Thursday, September 24, 2009

I've Been Sent a Howler!

Not one of these, he's a little canine friend. Because I don't have enough to do, or enough people to keep alive and fed. In order to appreciate this story, I need to go back a few weeks.

Our dog Jill is getting old, fat and sassy. She has begun relieving herself on the basement carpet at night if we don't shut our bedroom door tightly. We've had her a long time, but incontinence is a bit of a deal breaker for me. (hear that boys? you've been warned!) A few Saturdays ago, Lewis was out of town, but it was okay because there was a church dinner. If I don't have to cook, all is right with the world. There was some sort of scout recognition and the big boys had to be early, so I sent them walking to the church. A few minutes later, I get a call from Dainon. "Mom, Jill just got hit by a car."
"What?! Are you joking? Is she dead?" There was a slightly hopeful sound to my voice.
"No, she's just limping on her back foot." Dang.
I went to pick her up, and found that she'd followed Dainon, and he hadn't sent her home. So she went and got herself run over, but not enough to finish the job.
Don't hate me, I'm not an animal person. I'm a people person. I like animals just fine, but they aren't on the same tier to me as humans.
Her back paw was injured. I looked at her, and saw dollar signs. I knew that I was going to miss that lovely dinner that I didn't have to cook. I was going to miss my boys' recognition, and everyone was going to think I was one of those flaky moms that just drop their kids off at stuff.
I called Lewis.
"Honey, Jill's been hit by a car. Where's your gun?"
"What?! How is she? How bad is she hurt?"
"She probably has a broken paw. Can I put her down? Please?"
"No."
Double Dang.
I didn't know if I actually could pull the trigger. Then I thought about her poop on my freshly shampooed carpet, and I thought I could. Lewis' dad told me about when his wife's cat came home badly injured with intestines hanging out. He knew the vet bills would be big, so he got out his 22 and took matters into his own hands. He washed, dried and fluffed the kitty back up. Then he curled it up under a bush like it was sleeping.
"Oh, look honey, I've found your cat."
"Ooo," she cooed "It looks like she went in her sleep."
He smiled.
I called him, and asked him to come up for a visit.
A week after this happened, Lewis came home with this little creature.

His friend from work had been begging us to take him. I'd been saying no, no, never.

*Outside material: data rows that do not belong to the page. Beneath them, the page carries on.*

definition lie_endomorphism ::
    "(complex^'n \<Rightarrow> complex^'n \<Rightarrow> complex^'n) \<Rightarrow> (complex^'n \<Rightarrow> complex^'n) \<Rightarrow> bool" where
  "lie_endomorphism br \<sigma> \<longleftrightarrow> clinear_map \<sigma> \<and> (\<forall>x y. \<sigma> (br x y) = br (\<sigma> x) (\<sigma> y))"

locale lie_bracket =
  fixes br :: "complex^'n \<Rightarrow> complex^'n \<Rightarrow> complex^'n"
  assumes lie_algebra: "lie_algebra br"
begin

lemma bracket_add_left: "br (x + y) z = br x z + br y z"
  using lie_algebra unfolding lie_algebra_def by blast

lemma bracket_scale_left: "br (c *s x) y = c *s br x y"
  using lie_algebra unfolding lie_algebra_def by blast

lemma bracket_antisym: "br x y = - br y x"
  using lie_algebra unfolding lie_algebra_def by blast

lemma bracket_jacobi: "br x (br y z) + br y (br z x) + br z (br x y) = 0"
  using lie_algebra unfolding lie_algebra_def by blast

lemma bracket_add_right: "br x (y + z) = br x y + br x z"
  by (metis bracket_add_left bracket_antisym minus_add_distrib)

lemma bracket_scale_right: "br x (c *s y) = c *s br x y"
  by (metis bracket_antisym bracket_scale_left vector_smult_rneg)

lemma bracket_minus_left: "br (- x) y = - br x y"
  by (metis bracket_scale_left vector_sneg_minus1)

lemma bracket_minus_right: "br x (- y) = - br x y"
  by (metis bracket_scale_right vector_sneg_minus1)

lemma bracket_self: "br x x = 0"
  using bracket_antisym[of x x] by (simp add: vec_eq_iff)

lemma bracket_zero_left: "br 0 y = 0"
  by (metis bracket_add_left add_cancel_right_right)

lemma bracket_zero_right: "br x 0 = 0"
  by (metis bracket_add_right add_cancel_right_right)

lemma bracket_diff_right: "br x (y - z) = br x y - br x z"
  by (metis bracket_add_right bracket_minus_right diff_conv_add_uminus)

lemmas bracket_simps = bracket_add_left bracket_add_right bracket_scale_left bracket_scale_right
  bracket_diff_right bracket_minus_left bracket_minus_right bracket_self bracket_zero_left bracket_zero_right

lemma bracket_derivation: "br u (br v w) = br (br u v) w + br v (br u w)"
proof -
  have "br u (br v w) = - br v (br w u) - br w (br u v)"
    using bracket_jacobi[of u v w] by (simp add: eq_neg_iff_add_eq_0 algebra_simps)
  moreover have "br v (br w u) = - br v (br u w)"
    using bracket_antisym[of w u] by (simp add: bracket_minus_right)
  moreover have "br w (br u v) = - br (br u v) w"
    by (rule bracket_antisym)
  ultimately show ?thesis
    by simp
qed

lemma bounded_linear_bracket: "bounded_linear (br x)"
  by (rule clinear_map_imp_bounded_linear) (simp add: clinear_map_def bracket_simps)

lemma Ad_exp_summable: "summable (\<lambda>k. inverse (fact k) *\<^sub>R (br Z ^^ k) X)"
  by (rule summable_exp_series_bounded_linear[OF bounded_linear_bracket])

lemma lie_endomorphism_Ad_exp:
  assumes "lie_endomorphism br \<sigma>"
  shows "\<sigma> (Ad_exp br Z X) = Ad_exp br (\<sigma> Z) (\<sigma> X)"
proof -
  have lin: "bounded_linear \<sigma>"
    using assms by (simp add: lie_endomorphism_def clinear_map_imp_bounded_linear)
  have powers: "\<sigma> ((br Z ^^ k) X) = (br (\<sigma> Z) ^^ k) (\<sigma> X)" for k
    using assms by (induction k) (simp_all add: lie_endomorphism_def)
  have "\<sigma> (Ad_exp br Z X) = (\<Sum>k. \<sigma> (inverse (fact k) *\<^sub>R (br Z ^^ k) X))"
    unfolding Ad_exp_def by (rule bounded_linear.suminf[OF lin Ad_exp_summable])
  also have "\<dots> = Ad_exp br (\<sigma> Z) (\<sigma> X)"
    by (simp add: Ad_exp_def powers linear_simps[OF lin])
  finally show ?thesis .
qed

But they desperately needed a babysitter for the weekend. So, there he was, looking like some unholy combination of rat, monkey and dog. I approached him and he stood on his hind legs. I lifted him up from under his arms like a baby, and something magical happened: He put his arms around my neck and hugged me tightly. I'm not kidding. His breed has double jointed paws and can use them a lot like arms. He imprinted on me like some kind of werewolf in a vampire novel. I am now his whole world. Know what he's doing in this photo? Waiting and howling for me to come home. At first it was a little irritating not being able to take so much as a step without bumping into him, but he's relaxed a bit. He's quite naughty and steals food. When he's home alone, he has to be in his crate or he marks things (oh, the incontinence of it all!) But we like him. He makes us laugh. Violin practice is one of our favorite times now, see why?



*Oh, and Jill is still alive, and her paw is healing nicely.

7 comments:

Jenn said...

My kids got a kick out of the video. So what should your kids do when YOU get incontinent? Just for future reference.

EarlGirl said...

Um, floral scented diapers?

Teachinfourth said...

I'm with you - totally not an animal person...people all the way.

Michelle said...

The video cracked me up, but not near as much as, "Honey, the dog got hit by a car. Where's your gun?" The next time i have a pet issue, I'm definitely calling you! And, I can put the loaded gun right into your hand, all you have to do is pull the trigger. :) My father-in-law call it the three S's of stray pets-- shoot, shovel and shut-up.

Jana said...

Okay. Let me get this straight....

1. you don't like dogs.
2. you are excited when your dog might be dying.
3. you let your husband bring home a new dog.
4. your old dog is still not dead.

I have just decided that you are going to be translated.....very soon.

And thus the reason you were blessed with boys.

Home of the Muddy Kids said...

Way to hang in there, Jill! Can I shoot the howler? (o:

MamaBird said...

So glad you are "back"! People are at the top of my "list" as well. Animals are "nice"... that doesn't always score me points.